You might think it's a waste of time to knit a circular teddy bear sweater, but it's a great way to try a circular yoke before you put one on a big project. For most sweaters, you have to make a circular yoke for the front and another for the back because the machine only has 200 needles. These yokes are wide. Big sweaters need a taller yoke and more decreases, as well, but all the techniques are the same.

A circular yoke needs some blank rows where you can do the decrease shaping - that's what the white rows above and below the hearts are for.

A circular yoke needs a border design. It's a rectangle, like the design above, but the decreases will bend it into a circle. And, there's a certain math to a circular yoke. You need whole repeats to fit in the number of stitches for each part of the yoke.

The teddy bear year begins with 160 stitches + 2 stitches on each edge for seaming. 160 is evenly divisible by eight, the width of the scallops below the hearts. Then you decrease to 120 stitches + 2 for seaming, and the heart patterns are 24 stitches. 24 divides evenly into 120, so that's good. Then in the second white rows, the decreases take it down to 80 stitches + 2 edge stitches - and that scallop is eight stitches in a repeat.


  1. Celinda, I do use DAK but I didn't use it for the Teddy Bear Sweater.
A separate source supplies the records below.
(* Let $f\colon\mathbb{R}^d\to\mathbb{R}\cup\{+\infty\}$ be $\rho$-weakly convex and let $\{f_x\}_{x\in\mathbb{R}^d}$ be a two-sided model family with constant $q$. Fix $a\in(0,1)$, $\mu$ with $\mu^{-1}>\rho+q$, $\theta>q$, $x_0\in\mathbb{R}^d$, and define $$x_{k+1}=\operatorname{argmin}_{x\in\mathbb{R}^d}\Big\{f_{x_k}(x)+\frac{1+\theta\mu}{2\mu}\Big\|x-\frac{x_0+\theta\mu x_k}{1+\theta\mu}\Big\|^2\Big\},\quad k\ge0.$$ If $K\ge2\log(a^{-1})\big/\log\big(\frac{\mu^{-1}-\rho+\theta}{q+\theta}\big)$, then $\|x_K-\mathrm{prox}_{\mu f}(x_0)\|\le a\|x_0-\mathrm{prox}_{\mu f}(x_0)\|$.
   Context: Two-sided model family: for each $x\in\mathbb{R}^d$, $f_x\colon\mathbb{R}^d\to\mathbb{R}\cup\{+\infty\}$ is closed and $\rho$-weakly convex (i.e. $f_x+\frac\rho2\|\cdot\|^2$ is convex) and satisfies $|f_x(y)-f(y)|\le\frac q2\|y-x\|^2$ for all $y\in\mathbb{R}^d$. $\mathrm{prox}_{\mu f}(x)=\operatorname{argmin}_y\{f(y)+\frac1{2\mu}\|y-x\|^2\}$. *)

theory Defs
  imports "HOL-Analysis.Analysis"
begin

text \<open>Extended-real-valued functions on a Euclidean space model
  functions into R \<union> {+\<infinity>}; the value -\<infinity> is excluded explicitly.\<close>

definition closed_fun :: "('a::euclidean_space \<Rightarrow> ereal) \<Rightarrow> bool" where
  "closed_fun g \<longleftrightarrow> closed {(y, t::real). g y \<le> ereal t}"

definition weakly_convex :: "real \<Rightarrow> ('a::euclidean_space \<Rightarrow> ereal) \<Rightarrow> bool" where
  "weakly_convex \<rho> g \<longleftrightarrow>
     (\<forall>y. g y \<noteq> -\<infinity>) \<and>
     (\<forall>x y t. 0 \<le> t \<and> t \<le> 1 \<longrightarrow>
        g ((1 - t) *\<^sub>R x + t *\<^sub>R y) + ereal (\<rho> / 2 * (norm ((1 - t) *\<^sub>R x + t *\<^sub>R y))\<^sup>2)
        \<le> ereal (1 - t) * (g x + ereal (\<rho> / 2 * (norm x)\<^sup>2))
          + ereal t * (g y + ereal (\<rho> / 2 * (norm y)\<^sup>2)))"

definition two_sided_model :: "real \<Rightarrow> real \<Rightarrow> ('a::euclidean_space \<Rightarrow> ereal) \<Rightarrow> ('a \<Rightarrow> 'a \<Rightarrow> ereal) \<Rightarrow> bool" where
  "two_sided_model \<rho> q f fm \<longleftrightarrow>
     (\<forall>x. closed_fun (fm x) \<and> weakly_convex \<rho> (fm x)) \<and>
     (\<forall>x y. fm x y \<le> f y + ereal (q / 2 * (norm (y - x))\<^sup>2) \<and>
            f y \<le> fm x y + ereal (q / 2 * (norm (y - x))\<^sup>2))"

definition prox :: "real \<Rightarrow> ('a::euclidean_space \<Rightarrow> ereal) \<Rightarrow> 'a \<Rightarrow> 'a" where
  "prox \<mu> g x = (SOME p. \<forall>y. g p + ereal (1 / (2 * \<mu>) * (norm (p - x))\<^sup>2)
                              \<le> g y + ereal (1 / (2 * \<mu>) * (norm (y - x))\<^sup>2))"

end

theory Submission
  imports Defs
begin

text \<open>The subproblem defining x(k+1) is the model of f at x(k) plus a quadratic with weight
  \<alpha> = (1 + \<theta>\<mu>)/(2\<mu>), hence (2\<alpha> - \<rho>)-strongly convex, and its centre is chosen so that this
  quadratic equals 1/(2\<mu>) \<parallel>z - x(0)\<parallel>^2 + \<theta>/2 \<parallel>z - x(k)\<parallel>^2 up to a constant. Evaluate the
  quadratic growth of the subproblem at p = prox \<mu> f (x(0)), use that p minimises
  f + 1/(2\<mu>) \<parallel>z - x(0)\<parallel>^2, and that the model errs by at most q/2 \<parallel>z - x(k)\<parallel>^2 at both p
  and x(k+1): all terms but two cancel, leaving
  (1/\<mu> - \<rho> + \<theta>) \<parallel>x(k+1) - p\<parallel>^2 \<le> (q + \<theta>) \<parallel>x(k) - p\<parallel>^2.
  Iterating this contraction K times gives the claim. The point p exists because
  f + 1/(2\<mu>) \<parallel>z - x(0)\<parallel>^2 is strongly convex and f is closed, which it inherits from the model.\<close>

lemma norm_sq_convex_combination:
  fixes x y c :: "'a::real_inner"
  shows "(norm ((1 - t) *\<^sub>R x + t *\<^sub>R y - c))\<^sup>2
       = (1 - t) * (norm (x - c))\<^sup>2 + t * (norm (y - c))\<^sup>2 - t * (1 - t) * (norm (x - y))\<^sup>2"
proof -
  have "(1 - t) *\<^sub>R x + t *\<^sub>R y - c = (1 - t) *\<^sub>R (x - c) + t *\<^sub>R (y - c)"
    and "x - y = (x - c) - (y - c)"
    by (simp_all add: algebra_simps)
  then show ?thesis
    by (simp only:) (simp add: power2_norm_eq_inner inner_simps inner_commute algebra_simps)
qed

lemma weighted_norm_sq_recenter:
  fixes z u v c :: "'a::real_inner"
  assumes "(\<beta> + \<gamma>) *\<^sub>R c = \<beta> *\<^sub>R u + \<gamma> *\<^sub>R v"
  shows "\<beta> * (norm (z - u))\<^sup>2 + \<gamma> * (norm (z - v))\<^sup>2
       = (\<beta> + \<gamma>) * (norm (z - c))\<^sup>2 + \<beta> * (norm (u - c))\<^sup>2 + \<gamma> * (norm (v - c))\<^sup>2"
proof -
  have "z - u = (z - c) - (u - c)" and "z - v = (z - c) - (v - c)" by simp_all
  moreover have "inner (z - c) (\<beta> *\<^sub>R u + \<gamma> *\<^sub>R v - (\<beta> + \<gamma>) *\<^sub>R c) = 0"
    using assms by simp
  ultimately show ?thesis
    by (simp only:) (simp add: power2_norm_eq_inner inner_simps inner_commute algebra_simps)
qed

lemma ereal_le_realE:
  assumes "x \<le> ereal r" "x \<noteq> -\<infinity>"
  obtains s where "x = ereal s" "s \<le> r"
  using assms by (cases x) auto

definition seq_closed_epigraph :: "('a::topological_space \<Rightarrow> ereal) \<Rightarrow> bool" where
  "seq_closed_epigraph g \<longleftrightarrow>
     (\<forall>u p c L. u \<longlonglongrightarrow> p \<longrightarrow> c \<longlonglongrightarrow> L \<longrightarrow> (\<forall>n. g (u n) \<le> ereal (c n)) \<longrightarrow> g p \<le> ereal L)"

text \<open>Only points of the effective domain are compared, so \<^const>\<open>real_of_ereal\<close> never
  meets an infinite value here.\<close>

definition strongly_convex_ereal :: "real \<Rightarrow> ('a::real_normed_vector \<Rightarrow> ereal) \<Rightarrow> bool" where
  "strongly_convex_ereal \<sigma> g \<longleftrightarrow>
     (\<forall>x y t. 0 \<le> t \<longrightarrow> t \<le> 1 \<longrightarrow> g x \<noteq> \<infinity> \<longrightarrow> g y \<noteq> \<infinity> \<longrightarrow>
        g ((1 - t) *\<^sub>R x + t *\<^sub>R y) \<le> ereal ((1 - t) * real_of_ereal (g x) + t * real_of_ereal (g y)
          - \<sigma> / 2 * t * (1 - t) * (norm (x - y))\<^sup>2))"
I believe I just wrote a pattern with a measuring tape and calculator. Of course, I originally wrote the pattern so long ago that I hardly remember.

    I just DAK and a KnitLeader and I also chart from scratch, just depending on what I'm doing.

  2. OH - Celinda, I did use DAK for the heart design! I'll bet that's what you're asking about. That's the DAK stitch view that I used for the picture.

    I think DAK is ideal for stitch designs, and especially like to do "view repeats" so I can make sure I have the edges right.